My data looks like below, where I am trying to create the column output with the given values.
a_id b_received c_consumed
0 sam soap oil
1 sam oil NaN
2 sam brush soap
3 harry oil shoes
4 harry shoes oil
5 alice beer eggs
6 alice brush brush
7 alice eggs NaN
The code for producing the dataset is
df = pd.DataFrame({'a_id': 'sam sam sam harry harry alice alice alice'.split(),
'b_received': 'soap oil brush oil shoes beer brush eggs'.split(),
'c_consumed': 'oil NaN soap shoes oil eggs brush NaN'.split()})
I want a new column called Output which looks like this
a_id b_received c_consumed output
0 sam soap oil 1
1 sam oil NaN 1
2 sam brush soap 0
3 harry oil shoes 1
4 harry shoes oil 1
5 alice beer eggs 0
6 alice brush brush 1
7 alice eggs NaN 1
So the search is if sam recieved soap, oil and brush, look for values in column 'consumed' for products he consumed, so if soap was consumed the output will be 1, but since brush wasn't consumed the output is 0.
Similarly for harry, he received oil and shoes, then look for oil and shoes in the consumed column, if oil was consumed, the output is 1.
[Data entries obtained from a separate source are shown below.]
lemma esym_on_remove_pos:
  fixes f :: "'i \<Rightarrow> real"
  assumes I: "finite I" and a: "a \<in> I" and pos: "\<And>j. 1 \<le> j \<Longrightarrow> j \<le> k \<Longrightarrow> esym_on I f j > 0"
    and "j < k"
  shows "esym_on (I - {a}) f j > 0"
  using \<open>j < k\<close>
proof (induction j)
  case 0
  then show ?case using I by simp
next
  case (Suc j)
  define x A B C where "x = f a" and "A = esym_on (I - {a}) f j"
    and "B = esym_on (I - {a}) f (Suc j)" and "C = esym_on (I - {a}) f (Suc (Suc j))"
  have A: "A > 0" using Suc unfolding A_def by simp
  have e1: "x * A + B > 0"
    using pos[of "Suc j"] Suc.prems esym_on_remove[OF I a, of f j] unfolding x_def A_def B_def by simp
  have e2: "x * B + C > 0"
    using pos[of "Suc (Suc j)"] Suc.prems esym_on_remove[OF I a, of f "Suc j"]
    unfolding x_def B_def C_def by simp
  have newton: "A * C \<le> B^2"
    using newton_inequality_simple[of "I - {a}" "Suc j" f] I unfolding A_def B_def C_def by simp
  show ?case
  proof (rule ccontr)
    assume "\<not> esym_on (I - {a}) f (Suc j) > 0"
    then have B: "B \<le> 0" unfolding B_def by simp
    have "(- B) * (- B) \<le> (x * A) * (- B)" using e1 B by (intro mult_right_mono) auto
    also have "\<dots> = A * (x * (- B))" by simp
    also have "\<dots> < A * C" using e2 A by (intro mult_strict_left_mono) auto
    finally show False using newton by (simp add: power2_eq_square)
  qed
qed

lemma esym_on_remove_le:
  fixes f :: "'i \<Rightarrow> real"
  assumes I: "finite I" and a: "a \<in> I" and k: "1 \<le> k" "2 * k \<le> card I"
    and pos: "\<And>j. 1 \<le> j \<Longrightarrow> j \<le> k \<Longrightarrow> esym_on I f j > 0"
  shows "real (card I) * esym_on (I - {a}) f (k - 1)
    \<le> real k * (real (card I) - real k + 1) * esym_on I f (k - 1)"
proof (cases "k = 1")
  case True
  then show ?thesis using I by simp
next
  case False
  define j where "j = k - 2"
  have kj: "k = Suc (Suc j)" using k False unfolding j_def by simp
  define n where "n = real (card I)"
  define \<alpha> \<beta> where "\<alpha> = real k * (n - real k + 1)" and "\<beta> = (real k - 1) * (n - real k)"
  define x A B C where "x = f a" and "A = esym_on (I - {a}) f j"
    and "B = esym_on (I - {a}) f (Suc j)" and "C = esym_on (I - {a}) f (Suc (Suc j))"
  have A: "A > 0" unfolding A_def using esym_on_remove_pos[OF I a pos, where j=j] kj by simp
  have e1: "esym_on I f (k - 1) = x * A + B"
    using esym_on_remove[OF I a, of f j] kj unfolding x_def A_def B_def by simp
  have e1_pos: "x * A + B > 0" using pos[of "k - 1"] e1 kj by simp
  have e2_pos: "x * B + C > 0"
    using pos[of k] esym_on_remove[OF I a, of f "Suc j"] kj unfolding x_def B_def C_def by simp
  have card_remove: "real (card (I - {a})) = n - 1"
    using I a k unfolding n_def by (simp add: of_nat_diff)
  have newton: "\<alpha> * (A * C) \<le> \<beta> * B^2"
    using newton_inequality[of "I - {a}" "Suc j" f] I a k kj
    unfolding \<alpha>_def \<beta>_def A_def B_def C_def card_remove by (simp add: algebra_simps)
  have \<alpha>\<beta>: "\<alpha> - \<beta> = n" unfolding \<alpha>_def \<beta>_def by (simp add: algebra_simps)
  have \<alpha>: "\<alpha> > 0" unfolding \<alpha>_def n_def using k by simp
  txt \<open>If \<open>\<alpha> x A + \<beta> B < 0\<close>, Newton and \<open>C > - x B\<close> force \<open>B < 0\<close>, and then \<open>x A + B > 0\<close> gives
    \<open>\<alpha> x A + \<beta> B > - n B > 0\<close>.\<close>
  have key: "0 \<le> \<alpha> * x * A + \<beta> * B"
  proof (rule ccontr)
    assume neg: "\<not> 0 \<le> \<alpha> * x * A + \<beta> * B"
    have "\<alpha> * A * C > \<alpha> * A * (- x * B)"
      using e2_pos \<alpha> A by (intro mult_strict_left_mono) auto
    then have "B * (\<beta> * B + \<alpha> * x * A) > 0"
      using newton by (simp add: power2_eq_square algebra_simps)
    then have "B < 0" using neg by (smt (verit) mult_nonneg_nonpos)
    have "\<alpha> * (x * A) > \<alpha> * (- B)" using e1_pos \<alpha> by (intro mult_strict_left_mono) auto
    then have "\<alpha> * x * A + \<beta> * B > - n * B" using \<alpha>\<beta> by (simp add: algebra_simps)
    moreover have "- n * B \<ge> 0" using \<open>B < 0\<close> unfolding n_def by (simp add: mult_nonneg_nonpos)
    ultimately show False using neg by linarith
  qed
  have "B = esym_on (I - {a}) f (k - 1)" unfolding B_def using kj by simp
  then show ?thesis
    using key \<alpha>\<beta> unfolding e1 n_def[symmetric] \<alpha>_def[symmetric] by (simp add: algebra_simps)
qed

lemma real_symmetric_eigenvalue_real:
  fixes E :: "real mat"
  assumes E: "E \<in> carrier_mat n n" and sym: "transpose_mat E = E"
    and ev: "eigenvalue (map_mat complex_of_real E) a"
  shows "Im a = 0"
proof -
  let ?C = "map_mat complex_of_real E"
  obtain v where "eigenvector ?C v a" using ev unfolding eigenvalue_def by blast
  then have v: "v \<in> carrier_vec n" and v0: "v \<noteq> 0\<^sub>v n" and Cv: "?C *\<^sub>v v = a \<cdot>\<^sub>v v"
    using E unfolding eigenvector_def by auto
  have Cvi: "(\<Sum>j<n. complex_of_real (E $$ (i, j)) * v $ j) = a * v $ i" if "i < n" for i
    using arg_cong[OF Cv, of "\<lambda>w. w $ i"] that E v
    by (simp add: mult_mat_vec_def scalar_prod_def row_def lessThan_atLeast0)
  define q where "q = (\<Sum>i<n. \<Sum>j<n. cnj (v $ i) * complex_of_real (E $$ (i, j)) * v $ j)"
  define N where "N = (\<Sum>i<n. cnj (v $ i) * v $ i)"
  have "q = (\<Sum>i<n. cnj (v $ i) * (\<Sum>j<n. complex_of_real (E $$ (i, j)) * v $ j))"
    unfolding q_def by (simp add: sum_distrib_left mult.assoc)
  also have "\<dots> = (\<Sum>i<n. cnj (v $ i) * (a * v $ i))" by (rule sum.cong[OF refl]) (simp add: Cvi)
  also have "\<dots> = a * N" unfolding N_def by (simp add: sum_distrib_left algebra_simps)
  finally have qN: "q = a * N" .
  txt \<open>The Hermitian form \<open>q = v\<^sup>* E v\<close> and the squared norm \<open>N = v\<^sup>* v\<close> are real.\<close>
  have Esym: "E $$ (i, j) = E $$ (j, i)" if "i < n" "j < n" for i j
    using sym that E by (metis carrier_matD index_transpose_mat(1))
  have "cnj q = (\<Sum>i<n. \<Sum>j<n. v $ i * complex_of_real (E $$ (i, j)) * cnj (v $ j))"
    unfolding q_def by simp
  also have "\<dots> = (\<Sum>j<n. \<Sum>i<n. v $ i * complex_of_real (E $$ (i, j)) * cnj (v $ j))"
    by (rule sum.swap)
  also have "\<dots> = q" unfolding q_def
    by (intro sum.cong refl) (simp add: Esym mult.commute mult.left_commute)
  finally have "cnj q = q" .
  moreover have "cnj N = N" unfolding N_def by (simp add: mult.commute)
  moreover have "N \<noteq> 0"
    using conjugate_square_eq_0_vec[OF v] v0 v
    by (simp add: N_def scalar_prod_def lessThan_atLeast0 mult.commute)
  ultimately have "cnj a = a" unfolding qN by simp
  then show ?thesis by (metis cnj.sel(2) neg_equal_zero)
qed

lemma char_poly_real_symmetric_splits:
  fixes E :: "real mat"
  assumes E: "E \<in> carrier_mat n n" and sym: "transpose_mat E = E"
  shows "\<exists>es. char_poly E = (\<Prod>e\<leftarrow>es. [:- e, 1:])"
proof -
  interpret r: map_poly_inj_comm_ring_hom complex_of_real ..
  let ?C = "map_mat complex_of_real E"
  have C: "?C \<in> carrier_mat n n" using E by simp
  obtain as where cp: "char_poly ?C = (\<Prod>a\<leftarrow>as. [:- a, 1:])"
    using char_poly_factorized[OF C] by blast
  have "Im a = 0" if "a \<in> set as" for a
  proof (rule real_symmetric_eigenvalue_real[OF E sym])
    show "eigenvalue ?C a"
      unfolding eigenvalue_root_char_poly[OF C] cp using that by (simp add: poly_prod_list prod_list_zero_iff)
  qed
  then have "(\<Prod>a\<leftarrow>as. [:- a, 1:]) = (\<Prod>a\<leftarrow>as. [:- complex_of_real (Re a), 1:])"
    by (intro arg_cong[where f = prod_list] map_cong) (auto simp: complex_eq_iff)
  with cp have "char_poly ?C = (\<Prod>a\<leftarrow>as. [:- complex_of_real (Re a), 1:])" by simp
  moreover have "char_poly ?C = map_poly complex_of_real (char_poly E)"
    using of_real_hom.char_poly_hom[OF E] by simp
  moreover have "(\<Prod>a\<leftarrow>as. [:- complex_of_real (Re a), 1:])
      = map_poly complex_of_real (\<Prod>e\<leftarrow>map Re as. [:- e, 1:])"
    by (simp add: r.hom_prod_list comp_def)
  ultimately have "map_poly complex_of_real (char_poly E)
      = map_poly complex_of_real (\<Prod>e\<leftarrow>map Re as. [:- e, 1:])" by simp
  then show ?thesis unfolding r.eq_iff by blast
qed

definition orthogonal_matrix :: "nat \<Rightarrow> real mat \<Rightarrow> bool" where
  "orthogonal_matrix n U \<longleftrightarrow>
     U \<in> carrier_mat n n \<and> transpose_mat U * U = 1\<^sub>m n \<and> U * transpose_mat U = 1\<^sub>m n"

lemma orthogonal_matrix_mult:
  assumes "orthogonal_matrix n U" and "orthogonal_matrix n V"
  shows "orthogonal_matrix n (U * V)"
proof -
  have U: "U \<in> carrier_mat n n" "transpose_mat U * U = 1\<^sub>m n" "U * transpose_mat U = 1\<^sub>m n"
    and V: "V \<in> carrier_mat n n" "transpose_mat V * V = 1\<^sub>m n" "V * transpose_mat V = 1\<^sub>m n"
    using assms unfolding orthogonal_matrix_def by auto
  have UT: "transpose_mat U \<in> carrier_mat n n" and VT: "transpose_mat V \<in> carrier_mat n n"
    using U V by auto
  have "transpose_mat (U * V) * (U * V) = transpose_mat V * ((transpose_mat U * U) * V)"
    using U(1) V(1) UT VT by (simp add: transpose_mult assoc_mult_mat[of _ n n _ n _ n])
  also have "\<dots> = 1\<^sub>m n" using U V by (simp del: assoc_mult_mat)
  finally have "transpose_mat (U * V) * (U * V) = 1\<^sub>m n" .
  have "(U * V) * transpose_mat (U * V) = U * ((V * transpose_mat V) * transpose_mat U)"
    using U(1) V(1) UT VT by (simp add: transpose_mult assoc_mult_mat[of _ n n _ n _ n])
  also have "\<dots> = 1\<^sub>m n" using U V by (simp del: assoc_mult_mat)
  finally show ?thesis
    using U V \<open>transpose_mat (U * V) * (U * V) = 1\<^sub>m n\<close> unfolding orthogonal_matrix_def by simp
qed
lemma copies_subset_if_differ_on_pair:
  assumes G: "is_tournament G" and G': "is_tournament G'" and "fst G' = fst G"
    and differ: "\<And>u v. snd G u v \<noteq> snd G' u v \<Longrightarrow> {u, v} = {a, b}"
  shows "copies H G \<subseteq> copies H G' \<union> {S. S \<subseteq> {0..<fst G} \<and> card S = fst H \<and> a \<in> S \<and> b \<in> S \<and> a \<noteq> b}"
proof
  fix S assume S: "S \<in> copies H G"
  show "S \<in> copies H G' \<union> {S. S \<subseteq> {0..<fst G} \<and> card S = fst H \<and> a \<in> S \<and> b \<in> S \<and> a \<noteq> b}"
  proof (cases "a \<in> S \<and> b \<in> S \<and> a \<noteq> b")
    case True
    with S show ?thesis
      by (simp add: copies_def)
  next
    case False
    have "snd G u v = snd G' u v" if "u \<in> S" "v \<in> S" for u v
    proof (rule ccontr)
      assume uv: "snd G u v \<noteq> snd G' u v"
      then have "u \<noteq> v"
        using tournament_edgeD[OF G] tournament_edgeD[OF G'] by blast
      with differ[OF uv] that False show False
        by (auto simp: doubleton_eq_iff)
    qed
    then have "iso_to_induced H G' S"
      using S iso_to_induced_cong[of S G G' H] by (simp add: copies_def)
    with S \<open>fst G' = fst G\<close> show ?thesis
      by (simp add: copies_def)
  qed
qed

lemma density_diff_le_if_differ_on_pair:
  assumes "is_tournament G" "is_tournament G'" "fst G' = fst G" "2 \<le> fst H"
    and differ: "\<And>u v. snd G u v \<noteq> snd G' u v \<Longrightarrow> {u, v} = {a, b}"
  shows "\<bar>density H G - density H G'\<bar> \<le> (fst H choose 2) / (fst G choose 2)"
proof (cases "fst H \<le> fst G")
  case False
  then show ?thesis
    using \<open>fst G' = fst G\<close> by (simp add: density_def)
next
  case True
  let ?N = "fst G" and ?k = "fst H"
  let ?P = "{S. S \<subseteq> {0..<?N} \<and> card S = ?k \<and> a \<in> S \<and> b \<in> S \<and> a \<noteq> b}"
  have "copies H G \<subseteq> copies H G' \<union> ?P"
    by (rule copies_subset_if_differ_on_pair[OF assms(1-3) differ])
  moreover have "copies H G' \<subseteq> copies H G \<union> ?P"
  proof -
    have "{u, v} = {a, b}" if "snd G' u v \<noteq> snd G u v" for u v
      using that differ[of u v] by auto
    then show ?thesis
      using copies_subset_if_differ_on_pair[OF assms(2,1) assms(3)[symmetric], of a b H] assms(3)
      by simp
  qed
  moreover have "finite ?P"
    by (rule finite_subset[of _ "Pow {0..<?N}"]) auto
  ultimately have "\<bar>real (card (copies H G)) - real (card (copies H G'))\<bar> \<le> card ?P"
    by (intro abs_card_diff_le finite_copies)
  also have "card ?P \<le> (?N - 2) choose (?k - 2)"
    using card_subsets_containing_pair[of "{0..<?N}"] by simp
  finally have "\<bar>real (card (copies H G)) - real (card (copies H G'))\<bar> \<le> (?N - 2) choose (?k - 2)"
    by simp
  moreover have "\<bar>density H G - density H G'\<bar>
      = \<bar>real (card (copies H G)) - real (card (copies H G'))\<bar> / real (?N choose ?k)"
    using True \<open>fst G' = fst G\<close>
    by (simp add: density_eq_card_copies abs_divide flip: diff_divide_distrib)
  ultimately have "\<bar>density H G - density H G'\<bar> \<le> real ((?N - 2) choose (?k - 2)) / real (?N choose ?k)"
    by (simp add: divide_right_mono)
  also have "\<dots> = (?k choose 2) / (?N choose 2)"
    using binomial_ratio_pair True \<open>2 \<le> fst H\<close> by blast
  finally show ?thesis .
qed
To make it more clear, the output value corresponds to the first column (received), contingent on the value being present in the second column (consumed).
I tried using this code
a=[]
for i in range(len(df.b_received)):
if any(df.c_consumed == df.b_received[i] ):
a.append(1)
else:
a.append(0)
df['output']=a
This gives me the output
a_id b_received c_consumed output
0 sam soap oil 1
1 sam oil NaN 1
2 sam brush soap 1
3 harry oil shoes 1
4 harry shoes oil 1
5 alice beer eggs 0
6 alice brush brush 1
7 alice eggs NaN 1
The problem is that since sam didn't consume brush, the output should be 0 but the output is 1, since brush was consumed by a different person (alice). I need to make sure that doesn't happen. The output needs to be specific to each person's consumption.
I know this is confusing, so if I have not made myself very clear, please do ask, I will answer your comments.